Tuesday, June 19, 2012

Going to Ukraine? Go now, with an agenda for tomorrow

In the margins of Euro 2012 there’s been a discussion on whether or not Dutch MPs and members of the royal family should visit matches played in Ukraine – given the local human rights situation, more specifically Timochenko’s. While Holland struggles to recover from the great Kharkiv Hangover and Ukraine celebrates their team’s successes, the matter does not seem to be one of great concern to most Dutch and Ukrainians. However, in light of the future of Ukraine, the question ‘to go or not to go’ should not be brushed away so easily.

In the Netherlands, opinions on the matter vary. Stay at home, some say, avoid strengthening the legitimacy of Yanukovich’s government. Others say: go, show that you care about the needs of the Ukrainian people and to exert some influence. What about the Ukrainian people, what’s their view on this? In one respect, opinions in Lviv (West) and Kharkiv (East) are in unison: ‘Handle with care!’

Taras, our man in in Lviv, is very outspoken: whatever happens, the regime should not be allowed to use Euro 2012 to enhance its public image in any way. People are proud of their national team, but they despise the bonus that Yanukovich is after. ‘A boycott is crucial. No one will be offended and it will harm the political reputation of Yanukovich and his gang.’ Yulia, talking to us from Kharkiv, takes up a more prudent position. One the one hand, she says, we all want the Europeans to isolate our authorities. On the other hand, Ukrainians have suffered a lot of negative media attention in the wake of Euro 2012. They are eager to welcome foreign guests. People should not be punished for the wrongdoings of the elite. The truth lies in the middle, she says. ‘Let members of parliament come here as private persons, instead of joining our leaders in the VIP ranks of the football stadiums.’

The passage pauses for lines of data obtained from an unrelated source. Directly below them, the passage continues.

(* Let $X$ be a finite connected vertex transitive graph and $D=\operatorname{diam}(X)$. Suppose that for some $\epsilon,c>0$ there exists a 3-caret of branch length $R=\epsilon D^c$ in $X$. Then $|X|>\epsilon' D^{1+c(\log_3 4-1)}$, where $\epsilon'=\tfrac12\epsilon^{\log_3 4-1}$.
   Context: A 3-caret of branch length $R$ in a graph (with graph metric $d$) is a triple $\gamma_1,\gamma_2,\gamma_3$ of geodesics from a vertex $v_0$ to vertices $v_1,v_2,v_3$ respectively, with $d(v_0,v_i)=R$ for $i=1,2,3$, such that for all $k_1,k_2,k_3$ and $i\neq j$, $d(\gamma_i(k_i),\gamma_j(k_j))\ge\max\{k_i,k_j\}$ (here $\gamma_i(k)$ is the vertex at distance $k$ from $v_0$ along $\gamma_i$). *)

theory Defs
  imports "HOL-Analysis.Analysis"
begin

definition fin_graph :: "'a set \<Rightarrow> ('a \<Rightarrow> 'a \<Rightarrow> bool) \<Rightarrow> bool" where
  "fin_graph V E \<longleftrightarrow> finite V \<and> V \<noteq> {} \<and>
     (\<forall>u v. E u v \<longrightarrow> u \<in> V \<and> v \<in> V) \<and>
     (\<forall>u v. E u v \<longrightarrow> E v u) \<and> (\<forall>u. \<not> E u u)"

definition walk :: "('a \<Rightarrow> 'a \<Rightarrow> bool) \<Rightarrow> (nat \<Rightarrow> 'a) \<Rightarrow> nat \<Rightarrow> bool" where
  "walk E p n \<longleftrightarrow> (\<forall>i<n. E (p i) (p (Suc i)))"

definition graph_connected :: "'a set \<Rightarrow> ('a \<Rightarrow> 'a \<Rightarrow> bool) \<Rightarrow> bool" where
  "graph_connected V E \<longleftrightarrow>
     (\<forall>u\<in>V. \<forall>v\<in>V. \<exists>n p. p 0 = u \<and> p n = v \<and> walk E p n)"

definition gdist :: "('a \<Rightarrow> 'a \<Rightarrow> bool) \<Rightarrow> 'a \<Rightarrow> 'a \<Rightarrow> nat" where
  "gdist E u v = (LEAST n. \<exists>p. p 0 = u \<and> p n = v \<and> walk E p n)"

definition diam :: "'a set \<Rightarrow> ('a \<Rightarrow> 'a \<Rightarrow> bool) \<Rightarrow> nat" where
  "diam V E = Max {gdist E u v | u v. u \<in> V \<and> v \<in> V}"

definition graph_automorphism :: "'a set \<Rightarrow> ('a \<Rightarrow> 'a \<Rightarrow> bool) \<Rightarrow> ('a \<Rightarrow> 'a) \<Rightarrow> bool" where
  "graph_automorphism V E f \<longleftrightarrow> bij_betw f V V \<and>
     (\<forall>u\<in>V. \<forall>v\<in>V. E u v \<longleftrightarrow> E (f u) (f v))"

definition vertex_transitive :: "'a set \<Rightarrow> ('a \<Rightarrow> 'a \<Rightarrow> bool) \<Rightarrow> bool" where
  "vertex_transitive V E \<longleftrightarrow>
     (\<forall>u\<in>V. \<forall>v\<in>V. \<exists>f. graph_automorphism V E f \<and> f u = v)"

definition geodesic :: "('a \<Rightarrow> 'a \<Rightarrow> bool) \<Rightarrow> (nat \<Rightarrow> 'a) \<Rightarrow> 'a \<Rightarrow> 'a \<Rightarrow> bool" where
  "geodesic E p u v \<longleftrightarrow> p 0 = u \<and> p (gdist E u v) = v \<and> walk E p (gdist E u v)"

definition caret3 :: "'a set \<Rightarrow> ('a \<Rightarrow> 'a \<Rightarrow> bool) \<Rightarrow> nat \<Rightarrow> bool" where
  "caret3 V E R \<longleftrightarrow> (\<exists>v0 w g. v0 \<in> V \<and>
     (\<forall>i::nat<3. w i \<in> V \<and> gdist E v0 (w i) = R \<and> geodesic E (g i) v0 (w i)) \<and>
     (\<forall>i::nat<3. \<forall>j::nat<3. i \<noteq> j \<longrightarrow> (\<forall>ki\<le>R. \<forall>kj\<le>R.
         gdist E (g i ki) (g j kj) \<ge> max ki kj)))"

end

theory Submission
  imports Defs
begin

text \<open>Let v0 be the root of the caret. If 2s + 1 \<le> R, the root and the three branch vertices at
  distance 2s + 1 from it are pairwise more than 2s apart, so the s-balls around them are disjoint;
  they all lie in the (3s + 1)-ball around v0, and by vertex transitivity all balls of a given
  radius have the same size. Hence |B(3s + 1)| \<ge> 4 |B(s)|, and iterating, the ball of radius
  (3^m - 1)/2 has at least 4^m vertices whenever 3^m \<le> R. A diametral geodesic carries
  D div 3^m + 1 vertices that are pairwise at least 3^m apart, whose balls of that radius are again
  disjoint; so |X| \<ge> (D/3^m) 4^m. Choosing 3^m \<le> R < 3^(m+1) gives
  |X| > D R^(log 3 4 - 1) / 2, which is the claim since R = \<epsilon> D^c.\<close>

section \<open>Walks and the graph metric\<close>

lemma walk_append:
  assumes "walk E p n" "walk E q m" "p n = q 0"
  shows "walk E (\<lambda>i. if i \<le> n then p i else q (i - n)) (n + m)"
  unfolding walk_def
proof (intro allI impI)
  fix i assume i: "i < n + m"
  show "E (if i \<le> n then p i else q (i - n)) (if Suc i \<le> n then p (Suc i) else q (Suc i - n))"
  proof (cases "i < n")
    case True then show ?thesis using assms(1) unfolding walk_def by auto
  next
    case False
    then have "i - n < m" "Suc i - n = Suc (i - n)" using i by auto
    then have "E (q (i - n)) (q (Suc i - n))" using assms(2) unfolding walk_def by auto
    moreover have "(if i \<le> n then p i else q (i - n)) = q (i - n)"
      using False assms(3) by (cases "i = n") auto
    ultimately show ?thesis using False by auto
  qed
qed

lemma walk_rev:
  assumes "\<And>u v. E u v \<Longrightarrow> E v u" "walk E p n"
  shows "walk E (\<lambda>i. p (n - i)) n"
  unfolding walk_def
proof (intro allI impI)
  fix i assume "i < n"
  then have "E (p (n - Suc i)) (p (Suc (n - Suc i)))" using assms(2) unfolding walk_def by auto
  moreover have "Suc (n - Suc i) = n - i" using \<open>i < n\<close> by auto
  ultimately show "E (p (n - i)) (p (n - Suc i))" using assms(1) by metis
qed

lemma gdist_le_walk:
  assumes "walk E p n" "p 0 = u" "p n = v"
  shows "gdist E u v \<le> n"
  unfolding gdist_def using assms by (intro Least_le) blast

lemma gdist_self [simp]: "gdist E u u = 0"
  using gdist_le_walk[of E "\<lambda>_. u" 0] by (simp add: walk_def)

lemma gdist_walk_segment_le:
  assumes "walk E p n" "i \<le> j" "j \<le> n"
  shows "gdist E (p i) (p j) \<le> j - i"
proof -
  have "walk E (\<lambda>t. p (i + t)) (j - i)" using assms unfolding walk_def by auto
  then show ?thesis by (rule gdist_le_walk) (use assms in auto)
qed

locale connected_graph =
  fixes V :: "'a set" and E :: "'a \<Rightarrow> 'a \<Rightarrow> bool"
  assumes fin_graph: "fin_graph V E" and connected: "graph_connected V E"
begin

lemma finite_V: "finite V"
  using fin_graph unfolding fin_graph_def by blast

lemma edge_sym: "E u v \<Longrightarrow> E v u"
  using fin_graph unfolding fin_graph_def by blast

lemma walk_in_V:
  assumes "walk E p n" "p 0 \<in> V" "i \<le> n"
  shows "p i \<in> V"
  using assms(3)
proof (induction i)
  case 0 then show ?case using assms(2) by simp
next
  case (Suc i)
  then have "E (p i) (p (Suc i))" using assms(1) unfolding walk_def by auto
  then show ?case using fin_graph unfolding fin_graph_def by blast
qed

lemma shortest_walk:
  assumes "u \<in> V" "v \<in> V"
  obtains p where "p 0 = u" "p (gdist E u v) = v" "walk E p (gdist E u v)"
proof -
  have "\<exists>n p. p 0 = u \<and> p n = v \<and> walk E p n"
    using assms connected unfolding graph_connected_def by blast
  then have "\<exists>p. p 0 = u \<and> p (gdist E u v) = v \<and> walk E p (gdist E u v)"
    unfolding gdist_def by (rule LeastI_ex)
  then show ?thesis using that by blast
qed

lemma gdist_triangle:
  assumes "u \<in> V" "v \<in> V" "w \<in> V"
  shows "gdist E u w \<le> gdist E u v + gdist E v w"
proof -
  obtain p where p: "p 0 = u" "p (gdist E u v) = v" "walk E p (gdist E u v)"
    using shortest_walk[OF assms(1,2)] .
  obtain q where q: "q 0 = v" "q (gdist E v w) = w" "walk E q (gdist E v w)"
    using shortest_walk[OF assms(2,3)] .
  have "walk E (\<lambda>i. if i \<le> gdist E u v then p i else q (i - gdist E u v))
      (gdist E u v + gdist E v w)"
    using walk_append[OF p(3) q(3)] p q by simp
  then show ?thesis by (rule gdist_le_walk) (use p q in \<open>auto simp: le_Suc_eq\<close>)
qed

lemma gdist_sym:
  assumes "u \<in> V" "v \<in> V"
  shows "gdist E v u = gdist E u v"
proof -
  have le: "gdist E y x \<le> gdist E x y" if xy: "x \<in> V" "y \<in> V" for x y
  proof -
    obtain p where p: "p 0 = x" "p (gdist E x y) = y" "walk E p (gdist E x y)"
      using shortest_walk[OF xy] .
    have "walk E (\<lambda>i. p (gdist E x y - i)) (gdist E x y)"
      using walk_rev[OF _ p(3)] edge_sym by blast
    then show ?thesis by (rule gdist_le_walk) (use p in auto)
  qed
  show ?thesis using le[OF assms] le[OF assms(2,1)] by simp
qed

That Europe’s helping hand is of the utmost importance is something that Taras and Yulia agree upon. ‘Once the football celebrations are over, we won’t be going anywhere’, Yulia says. ‘Elections are coming up and we’ll be stuck with a huge deficit and pension problem. Things aren’t looking good. Ukrainians long for an escape, they just want to feel good. I fear that we’re at the beginning of a long and difficult period in our country.’

What’s the lesson in all this? It’s obvious: let’s make sure that Yanukovich cannot benefit from Euro 2012, showing off and improving his image. Foreign officials who decide to visit the games should do so because of the football and in order to reach out to the Ukrainian people. Lend some support to local initiatives to fight corruption, for instance. Help free European aid from its bureaucratic yoke. Just last week, a delegation from Lviv has had to cancel an anti-corruption study visit to the Netherlands because, after months and months of discussions about an EU subsidy, some T’s had not been crossed and I’s had not been dotted.

Whatever you do, Taras and Yulia say, while enjoying the games of today keep your eye on what Ukraine can become tomorrow.